Assigned task = Find how many lines in the data below mention "noteq". Give the number only.

[Collected data entries]
—————
lemma u_in_outliers_v:
  assumes "u1 \<in> out_ball A (k - 1) v1"
  shows "u \<in> outliers V A k v"
proof -
  have "u \<notin> out_ball A k v"
  proof
    assume "u \<in> out_ball A k v"
    then obtain m where m: "m \<le> k" "(v, u) \<in> A ^^ m"
      by (auto simp: out_ball_def)
    show False
    proof (cases m)
      case 0
      with m(2) u_neq_v show False
        by simp
    next
      case (Suc m')
      obtain y where y: "(v, y) \<in> A" "(y, u) \<in> A ^^ m'"
        using m(2)[unfolded Suc] by (rule relpow_Suc_E2)
      from y(1) consider "y = v1" | "y = u2"
        using swap.out_arc_u by blast
      then show False
      proof cases
        case 1
        with y(2) m(1) Suc have "u \<in> out_ball A (k - 1) v1"
          by (intro out_ballI[of _ _ m']) simp_all
        with u_notin_out_ball_v1[OF assms] show False ..
      next
        case 2
        with y(2) have "(u, u) \<in> A ^^ Suc m'"
          using arcs_u(2) by (blast intro: relpow_Suc_I2)
        then have "Suc m' = 0"
          by (rule relpow_cycle_trivial[OF u_in_V]) (use m(1) Suc in simp)
        then show False
          by simp
      qed
    qed
  qed
  with u_in_V show ?thesis
    by (simp add: outliers_eq)
qed

lemma closer_in_outliers_v:
  assumes "v1 \<in> out_ball A (k - 1) u1"
    and z: "z \<in> out_ball A (k - 1) u1" "z \<notin> out_ball A (k - 1) v1"
  shows "z \<in> outliers V A k v"
proof -
  obtain c where c: "c \<le> k - 1" "(u1, z) \<in> A ^^ c"
    using z(1) by (auto simp: out_ball_def)
  have "z \<in> V"
    using arcs_subset u1_in_V c(2) by (rule relpow_in_V)
  have "z \<notin> out_ball A k v"
  proof
    assume "z \<in> out_ball A k v"
    then obtain m where m: "m \<le> k" "(v, z) \<in> A ^^ m"
      by (auto simp: out_ball_def)
    show False
    proof (cases m)
      case 0
      with m(2) z(1) swap.u_notin_out_ball_v1[OF assms(1)] show False
        by simp
    next
      case (Suc m')
      obtain y where y: "(v, y) \<in> A" "(y, z) \<in> A ^^ m'"
        using m(2)[unfolded Suc] by (rule relpow_Suc_E2)
      from y(1) consider "y = v1" | "y = u2"
        using swap.out_arc_u by blast
      then show False
      proof cases
        case 1
        with y(2) m(1) Suc z(2) show False
          by (auto simp: out_ball_def)
      next
        case 2
        with y(2) have "u1 = u2"
          using first_arc_unique[OF u_in_V arcs_u c(2)] c(1) m(1) Suc k_ge_2 by simp
        with u1_neq_u2 show False ..
      qed
    qed
  qed
  with \<open>z \<in> V\<close> show ?thesis
    by (simp add: outliers_eq)
qed

lemma three_near_u1_far_from_v1:
  assumes out_deg: "\<forall>y\<in>V. card (out_nbrs A y) = 2"
    and v1_near: "v1 \<in> out_ball A (k - 1) u1" and u1_near: "u1 \<in> out_ball A (k - 1) v1"
  shows "\<exists>W. W \<subseteq> out_ball A (k - 1) u1 - out_ball A (k - 1) v1 \<and> card W = 3"
proof -
  obtain a where a: "a \<le> k - 1" "(u1, v1) \<in> A ^^ a"
    using v1_near by (auto simp: out_ball_def)
  obtain b where b: "b \<le> k - 1" "(v1, u1) \<in> A ^^ b"
    using u1_near by (auto simp: out_ball_def)
  have "a \<noteq> 0"
    using a(2) u1_neq_v1 by (cases a) auto
  have "b \<noteq> 0"
    using b(2) u1_neq_v1 by (cases b) auto
  have "(u1, u1) \<in> A ^^ (a + b)"
    unfolding relpow_add using a(2) b(2) by blast
  have "k < a + b"
  proof (rule ccontr)
    assume "\<not> k < a + b"
    then have "a + b = 0"
      by (intro relpow_cycle_trivial[OF u1_in_V \<open>(u1, u1) \<in> A ^^ (a + b)\<close>]) simp
    with \<open>a \<noteq> 0\<close> show False
      by simp
  qed
  have "\<exists>y. (u1, y) \<in> A ^^ a \<and> y \<notin> out_ball A (k - 1) v1"
    by (rule sibling_notin_out_ball[OF out_deg u1_in_V _ _ a(2)]) (use k_ge_2 \<open>a \<noteq> 0\<close> in simp_all)
  then obtain y where y: "(u1, y) \<in> A ^^ a" "y \<notin> out_ball A (k - 1) v1"
    by blast
  have "b < k"
    using b(1) k_ge_2 by simp
  then obtain m where k_eq: "k = Suc (b + m)"
    using less_imp_Suc_add by blast
  have "\<forall>x\<in>V. out_nbrs A x \<noteq> {}"
    using out_deg by auto
  then obtain t where t: "(u1, t) \<in> A ^^ m"
    using relpow_exists[OF arcs_subset _ u1_in_V] by blast
  have "t \<in> V"
    using arcs_subset u1_in_V t by (rule relpow_in_V)
  then have "card (out_nbrs A t) = 2"
    using out_deg by blast
  then obtain t1 t2 where t12: "out_nbrs A t = {t1, t2}" "t1 \<noteq> t2"
    unfolding card_2_iff by blast
  have far: "s \<in> out_ball A (k - 1) u1 - out_ball A (k - 1) v1 \<and> s \<noteq> y"
    if "s \<in> out_nbrs A t" for s
  proof -
    have "(t, s) \<in> A"
      using that by (simp add: out_nbrs_def)
    with t have s: "(u1, s) \<in> A ^^ Suc m"
      by (rule relpow_Suc_I)
    then have "(v1, s) \<in> A ^^ (b + Suc m)"
      unfolding relpow_add using b(2) by blast
    then have "s \<notin> out_ball A (k - 1) v1"
      using relpow_notin_out_ball[OF swap.u1_in_V] k_eq by simp
    moreover have "s \<in> out_ball A (k - 1) u1"
      using s by (rule out_ballI) (use k_eq \<open>b \<noteq> 0\<close> in simp)
    moreover have "s \<noteq> y"
    proof
      assume "s = y"
      with y(1) have "(u1, s) \<in> A ^^ a"
        by simp
      with s have "Suc m = a"
        by (rule relpow_length_unique[OF u1_in_V]) (use a(1) k_eq in simp_all)
      with \<open>k < a + b\<close> k_eq show False
        by simp
    qed
    ultimately show ?thesis
      by blast
  qed
  have "t1 \<in> out_nbrs A t" "t2 \<in> out_nbrs A t"
    using t12(1) by simp_all
  note far_t = far[OF this(1)] far[OF this(2)]
  have "y \<in> out_ball A (k - 1) u1"
    using y(1) a(1) by (rule out_ballI)
  with y(2) far_t have "{y, t1, t2} \<subseteq> out_ball A (k - 1) u1 - out_ball A (k - 1) v1"
    by blast
  moreover have "card {y, t1, t2} = 3"
    using far_t t12(2) by auto
  ultimately show ?thesis
    by blast
qed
—————
Result below = 9